→ AVAILABLE DATA

(* Let $N\geq2$, let $\eta$ be an $N$-core, let $t$ be a divisor of $N$, let $a\in\{0,\dots,t-1\}$ index a $t$-quotient and let $k\geq1$. Then there exists ${\bf G}\in\Lambda^*_N$ such that ${\bf G}(\lambda)={\bf p}_k(\lambda^{a/t})$ for every partition $\lambda$ with $\lambda^{\mathrm{mod}\,N}=\eta$.
   Context: $\zeta_N=e^{2\pi i/N}$. ${\bf p}_k(\lambda)=(1-2^{-k})\zeta(-k)+\sum_{i\ge1}[(\lambda_i-i+\frac12)^k-(-i+\frac12)^k]$. For $r\in\{0,\dots,N-1\}$: ${\bf p}_k^r(\lambda)=c_k^r+\sum_{i\geq1}\big[\zeta_N^{r(\lambda_i-i+1)}(\lambda_i-i+\frac12)^k-\zeta_N^{r(1-i)}(-i+\frac12)^k\big]$, where $c^0_k=(1-2^{-k})\zeta(-k)$ and for $r\ne0$, $\frac{1}{e^{z/2}-\zeta_N^{-r}e^{-z/2}}=\sum_kc_k^r\frac{z^k}{k!}$. $\Lambda_N^*=\mathbb{Q}(\zeta_N)[{\bf p}_k^r]_{k\ge1,0\le r\le N-1}$, viewed as functions on partitions. The $N$-core $\lambda^{\mathrm{mod}\,N}$ is what remains after removing $N$-rim hooks (connected boundary strips of $N$ boxes whose removal leaves a Young diagram) as long as possible. $t$-quotients: for $S=\{\lambda_j-j\}_{j\ge1}$ and each residue $a$ mod $t$, $\{(s-a)/t:s\in S,s\equiv a\bmod t\}$ is, up to an integer shift, $\{\rho_j-j\}_{j\ge1}$ for a unique partition $\rho=:\lambda^{a/t}$. *)

theory Defs
  imports "HOL-Analysis.Analysis" "HOL-Computational_Algebra.Computational_Algebra"
begin

text \<open>A partition is a weakly decreasing list of positive naturals; part lam i is the
  i-th part (1-indexed), zero beyond the length.\<close>

definition is_partition :: "nat list \<Rightarrow> bool" where
  "is_partition lam \<longleftrightarrow> sorted_wrt (\<ge>) lam \<and> 0 \<notin> set lam"

definition part :: "nat list \<Rightarrow> nat \<Rightarrow> nat" where
  "part lam i = (if 1 \<le> i \<and> i \<le> length lam then lam ! (i - 1) else 0)"

text \<open>B_n via the generating function z/(e^z - 1) = sum B_n z^n/n!.\<close>
definition bernoulli_num :: "nat \<Rightarrow> real" where
  "bernoulli_num n = fact n * fps_nth (inverse (fps_shift 1 (fps_exp (1::real) - 1))) n"

definition zeta_neg :: "nat \<Rightarrow> real" where
  "zeta_neg k = (-1) ^ k * bernoulli_num (k + 1) / real (k + 1)"

definition pk :: "nat \<Rightarrow> nat list \<Rightarrow> real" where
  "pk k lam = (1 - 1 / 2 ^ k) * zeta_neg k
     + (\<Sum>i = 1..length lam. (real (part lam i) - real i + 1/2) ^ k - (- real i + 1/2) ^ k)"

definition zN :: "nat \<Rightarrow> complex" where
  "zN N = cis (2 * pi / real N)"

definition ckr :: "nat \<Rightarrow> nat \<Rightarrow> nat \<Rightarrow> complex" where
  "ckr N r k = (if r = 0 then complex_of_real ((1 - 1 / 2 ^ k) * zeta_neg k)
     else fact k * fps_nth (inverse (fps_exp (1/2) - fps_const (zN N powi (- int r)) * fps_exp (-1/2))) k)"

definition pkr :: "nat \<Rightarrow> nat \<Rightarrow> nat \<Rightarrow> nat list \<Rightarrow> complex" where
  "pkr N r k lam = ckr N r k
     + (\<Sum>i = 1..length lam.
          zN N powi (int r * (int (part lam i) - int i + 1)) * (complex_of_real (real (part lam i) - real i + 1/2)) ^ k
        - zN N powi (int r * (1 - int i)) * (complex_of_real (- real i + 1/2)) ^ k)"

definition Qzeta :: "nat \<Rightarrow> complex set" where
  "Qzeta N = {poly (map_poly of_rat p) (zN N) | p. True}"

inductive_set LambdaN :: "nat \<Rightarrow> (nat list \<Rightarrow> complex) set" for N :: nat where
  const: "c \<in> Qzeta N \<Longrightarrow> (\<lambda>_. c) \<in> LambdaN N"
| gen: "1 \<le> k \<Longrightarrow> r < N \<Longrightarrow> pkr N r k \<in> LambdaN N"
| add: "f \<in> LambdaN N \<Longrightarrow> g \<in> LambdaN N \<Longrightarrow> (\<lambda>x. f x + g x) \<in> LambdaN N"
| mult: "f \<in> LambdaN N \<Longrightarrow> g \<in> LambdaN N \<Longrightarrow> (\<lambda>x. f x * g x) \<in> LambdaN N"

definition diag :: "nat list \<Rightarrow> (nat \<times> nat) set" where
  "diag lam = {(i, j). 1 \<le> i \<and> 1 \<le> j \<and> j \<le> part lam i}"

definition cell_adj :: "nat \<times> nat \<Rightarrow> nat \<times> nat \<Rightarrow> bool" where
  "cell_adj x y \<longleftrightarrow> (fst x = fst y \<and> (snd y = snd x + 1 \<or> snd x = snd y + 1))
                    \<or> (snd x = snd y \<and> (fst y = fst x + 1 \<or> fst x = fst y + 1))"

definition cells_connected :: "(nat \<times> nat) set \<Rightarrow> bool" where
  "cells_connected D \<longleftrightarrow>
     (\<forall>x\<in>D. \<forall>y\<in>D. (\<lambda>u v. u \<in> D \<and> v \<in> D \<and> cell_adj u v)\<^sup>*\<^sup>* x y)"

text \<open>mu arises from lam by removing an N-rim hook: lam/mu is a connected set of N cells
  lying on the boundary (rim) of lam, and mu is again a partition.\<close>
definition rim_hook_removal :: "nat \<Rightarrow> nat list \<Rightarrow> nat list \<Rightarrow> bool" where
  "rim_hook_removal N lam mu \<longleftrightarrow> is_partition mu \<and> diag mu \<subseteq> diag lam \<and>
     (let D = diag lam - diag mu in
        card D = N \<and> cells_connected D \<and> (\<forall>(i, j)\<in>D. (i + 1, j + 1) \<notin> diag lam))"

definition is_core :: "nat \<Rightarrow> nat list \<Rightarrow> bool" where
  "is_core N eta \<longleftrightarrow> \<not> (\<exists>mu. rim_hook_removal N eta mu)"

definition core_of :: "nat \<Rightarrow> nat list \<Rightarrow> nat list \<Rightarrow> bool" where
  "core_of N lam eta \<longleftrightarrow> (rim_hook_removal N)\<^sup>*\<^sup>* lam eta \<and> is_core N eta"

definition beta_set :: "nat list \<Rightarrow> int set" where
  "beta_set lam = {int (part lam j) - int j | j. 1 \<le> j}"

definition quot_set :: "nat \<Rightarrow> nat \<Rightarrow> nat list \<Rightarrow> int set" where
  "quot_set t a lam = {(s - int a) div int t | s. s \<in> beta_set lam \<and> s mod int t = int a}"

definition t_quotient :: "nat \<Rightarrow> nat \<Rightarrow> nat list \<Rightarrow> nat list" where
  "t_quotient t a lam = (THE rho. is_partition rho \<and>
      (\<exists>c::int. quot_set t a lam = (\<lambda>x. x + c) ` beta_set rho))"

end

theory Submission
  imports Defs
begin

text \<open>A partition is encoded by its beta set \<open>{\<lambda>\<^sub>i - i}\<close>. The \<open>a\<close>-th \<open>t\<close>-quotient consists of the
  beta numbers \<open>s \<equiv> a (mod t)\<close>, rescaled by \<open>s \<mapsto> (s - a) div t\<close> and shifted by a charge \<open>c\<close>, so
  \<open>p\<^sub>k\<close> of the quotient is a regularized sum over the beta numbers of \<open>\<lambda>\<close> of
  \<open>s \<mapsto> [s \<equiv> a (mod t)] ((s - a) div t - c + 1/2)\<^sup>k\<close>. Writing the indicator of the residue class
  as an average of \<open>t\<close>-th roots of unity turns this function into a \<open>\<rat>(\<zeta>\<^sub>N)\<close>-combination of
  \<open>\<zeta>\<^sub>N^(r(s + 1)) (s + 1/2)^m\<close>, whose regularized sums are \<open>p_m^r\<close> up to constants.
  Removing an \<open>N\<close>-rim hook removes \<open>N\<close> cells of consecutive contents, so the regularized sum of
  any \<open>N\<close>-periodic function is constant on the partitions with a given \<open>N\<close>-core. This pins down
  the charge \<open>c\<close> and the terms with \<open>m = 0\<close>, which are the only ones not in \<open>\<Lambda>\<^sub>N\<^sup>*\<close>.\<close>

section \<open>Beta sets\<close>

lemma part_Nil [simp]: "part [] i = 0"
  by (simp add: part_def)

lemma part_Cons_1 [simp]: "part (x # l) (Suc 0) = x"
  by (simp add: part_def)

lemma part_Cons_Suc: "1 \<le> j \<Longrightarrow> part (x # l) (Suc j) = part l j"
  by (simp add: part_def)

lemma is_partition_Cons:
  "is_partition (x # l) \<longleftrightarrow> 0 < x \<and> (\<forall>y\<in>set l. y \<le> x) \<and> is_partition l"
  by (auto simp: is_partition_def)

lemma part_antimono:
  assumes "is_partition lam" "1 \<le> i" "i \<le> j"
  shows "part lam j \<le> part lam i"
proof (cases "i < j \<and> j \<le> length lam")
  case True
  have "sorted_wrt (\<ge>) lam" using assms(1) by (simp add: is_partition_def)
  moreover have "i - 1 < j - 1" "j - 1 < length lam" using True assms(2) by auto
  ultimately have "lam ! (j - 1) \<le> lam ! (i - 1)" by (simp add: sorted_wrt_iff_nth_less)
  then show ?thesis using True assms(2) by (simp add: part_def)
next
  case False
  then show ?thesis using assms(3) by (auto simp: part_def)
qed

lemma part_le_hd: "is_partition (x # l) \<Longrightarrow> part l 1 \<le> x"
  by (cases l) (auto simp: is_partition_def part_def)

lemma beta_set_below_length:
  assumes "s < - int (length lam)"
  shows "s \<in> beta_set lam"
proof -
  have "length lam < nat (- s)" using assms by linarith
  then have "s = int (part lam (nat (- s))) - int (nat (- s)) \<and> 1 \<le> nat (- s)"
    using assms by (simp add: part_def)
  then show ?thesis unfolding beta_set_def by blast
qed

lemma beta_set_Nil: "beta_set [] = {..-1}"
  using beta_set_below_length[of _ "[]"] unfolding beta_set_def by fastforce

lemma beta_set_Cons: "beta_set (x # l) = insert (int x - 1) ((\<lambda>u. u - 1) ` beta_set l)"
proof -
  have "int (part (x # l) j) - int j \<in> insert (int x - 1) ((\<lambda>u. u - 1) ` beta_set l)"
    if j: "1 \<le> j" for j
  proof (cases "j = 1")
    case False
    then obtain j' where j': "j = Suc j'" "1 \<le> j'" using j by (cases j) auto
    have "int (part l j') - int j' \<in> beta_set l" using j' unfolding beta_set_def by blast
    then show ?thesis using j' by (force simp: part_Cons_Suc)
  qed simp
  moreover have "int x - 1 \<in> beta_set (x # l)"
    unfolding beta_set_def by (rule CollectI, rule exI[of _ 1]) simp
  moreover have "u - 1 \<in> beta_set (x # l)" if u: "u \<in> beta_set l" for u
  proof -
    obtain j where j: "u = int (part l j) - int j" "1 \<le> j" using u unfolding beta_set_def by blast
    then have "u - 1 = int (part (x # l) (Suc j)) - int (Suc j)" by (simp add: part_Cons_Suc)
    then show ?thesis unfolding beta_set_def by fastforce
  qed
  ultimately show ?thesis unfolding beta_set_def[of "x # l"] by blast
qed

lemma beta_set_le_part_1:
  assumes "is_partition l" "u \<in> beta_set l"
  shows "u \<le> int (part l 1) - 1"
proof -
  obtain j where j: "u = int (part l j) - int j" "1 \<le> j" using assms(2) unfolding beta_set_def by blast
  then show ?thesis using part_antimono[OF assms(1), of 1 j] by simp
qed

lemma inj_on_beta_numbers:
  assumes "is_partition l"
  shows "inj_on (\<lambda>i. int (part l i) - int i) {1..n}"
proof -
  have "int (part l j) - int j < int (part l i) - int i" if "1 \<le> i" "i < j" for i j
    using part_antimono[OF assms, of i j] that by simp
  then show ?thesis
    by (intro inj_onI) (metis atLeastAtMost_iff less_irrefl linorder_neqE_nat)
qed

lemma beta_set_inter_atLeast:
  assumes "is_partition l" "length l \<le> n"
  shows "beta_set l \<inter> {- int n..} = (\<lambda>i. int (part l i) - int i) ` {1..n}"
proof -
  have "u \<in> (\<lambda>i. int (part l i) - int i) ` {1..n}" if u: "u \<in> beta_set l" "u \<ge> - int n" for u
  proof -
    obtain j where j: "u = int (part l j) - int j" "1 \<le> j" using u(1) unfolding beta_set_def by blast
    have "j \<le> n"
    proof (rule ccontr)
      assume "\<not> j \<le> n"
      then show False using j u(2) assms(2) by (simp add: part_def)
    qed
    then show ?thesis using j by auto
  qed
  moreover have "int (part l i) - int i \<in> beta_set l \<inter> {- int n..}" if "i \<in> {1..n}" for i
    using that unfolding beta_set_def by auto
  ultimately show ?thesis by blast
qed

definition beta_sum :: "(int \<Rightarrow> 'a::comm_monoid_add) \<Rightarrow> nat list \<Rightarrow> nat \<Rightarrow> 'a" where
  "beta_sum F lam n = (\<Sum>i = 1..n. F (int (part lam i) - int i))"

lemma sum_beta_set_inter_atLeast:
  assumes "is_partition l" "length l \<le> n"
  shows "(\<Sum>u \<in> beta_set l \<inter> {- int n..}. F u) = beta_sum F l n"
  unfolding beta_set_inter_atLeast[OF assms] beta_sum_def
  by (subst sum.reindex[OF inj_on_beta_numbers[OF assms(1)]]) simp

→ WHAT YOU WILL DO
Working from the listing above, pick out every line that has "inverse" and copy it.

→ WORKED SOLUTION
  "bernoulli_num n = fact n * fps_nth (inverse (fps_shift 1 (fps_exp (1::real) - 1))) n"
     else fact k * fps_nth (inverse (fps_exp (1/2) - fps_const (zN N powi (- int r)) * fps_exp (-1/2))) k)"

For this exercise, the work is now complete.